Problem details: Reproduce the entries from their first line up to and including the line with "fix i :: 'n". Leave out everything after it.

* * * *

theorem theorem1p6:
  fixes L :: "real^('n::finite + 'n)^('n + 'n)"
    and g :: "real^'n \<Rightarrow> real"
  assumes "invertible L"
    and "\<forall>i j. L $ i $ j \<in> \<rat>"
    and "L2_real g"
  shows "\<exists>f1 f2 :: real^'n \<Rightarrow> real. L2_real f1 \<and> L2_real f2 \<and>
           (\<forall>k :: real^('n + 'n). (\<forall>i. k $ i \<in> \<int>) \<longrightarrow>
              (let z = L *v k in
                 cmod (stft (\<lambda>t. complex_of_real (g t)) (\<lambda>t. complex_of_real (f1 t)) (xpart z) (wpart z))
               = cmod (stft (\<lambda>t. complex_of_real (g t)) (\<lambda>t. complex_of_real (f2 t)) (xpart z) (wpart z)))) \<and>
           \<not> (\<exists>\<nu>::complex. cmod \<nu> = 1 \<and>
                 (AE t in lebesgue. complex_of_real (f1 t) = \<nu> * complex_of_real (f2 t)))"
proof -
  fix i :: 'n
  obtain N :: nat where "N > 0" and N: "\<And>j. real N * L $ Inl i $ j \<in> \<int>"
    using common_denominator[of "\<lambda>j. L $ Inl i $ j"] assms(2) by blast
  have on_grid: "real N * xpart (L *v k) $ i \<in> \<int>" if "\<forall>j. k $ j \<in> \<int>" for k
    using Ints_mult_matrix_vector_row[OF N] that by (simp add: xpart_def)
  obtain f1 f2 where "L2_real f1" "L2_real f2" and "\<not> phase_equivalent f1 f2"
    and "\<And>x w. real N * x $ i \<in> \<int> \<Longrightarrow> same_stft_magnitude g f1 f2 x w"
    using phase_retrieval_fails_on_grid[OF assms(3) \<open>N > 0\<close>, of i] by blast
  with on_grid show ?thesis
    unfolding Let_def same_stft_magnitude_def[symmetric] phase_equivalent_def[symmetric] by blast
qed

end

* * * *

Solution to this exercise:
theorem theorem1p6:
  fixes L :: "real^('n::finite + 'n)^('n + 'n)"
    and g :: "real^'n \<Rightarrow> real"
  assumes "invertible L"
    and "\<forall>i j. L $ i $ j \<in> \<rat>"
    and "L2_real g"
  shows "\<exists>f1 f2 :: real^'n \<Rightarrow> real. L2_real f1 \<and> L2_real f2 \<and>
           (\<forall>k :: real^('n + 'n). (\<forall>i. k $ i \<in> \<int>) \<longrightarrow>
              (let z = L *v k in
                 cmod (stft (\<lambda>t. complex_of_real (g t)) (\<lambda>t. complex_of_real (f1 t)) (xpart z) (wpart z))
               = cmod (stft (\<lambda>t. complex_of_real (g t)) (\<lambda>t. complex_of_real (f2 t)) (xpart z) (wpart z)))) \<and>
           \<not> (\<exists>\<nu>::complex. cmod \<nu> = 1 \<and>
                 (AE t in lebesgue. complex_of_real (f1 t) = \<nu> * complex_of_real (f2 t)))"
proof -
  fix i :: 'n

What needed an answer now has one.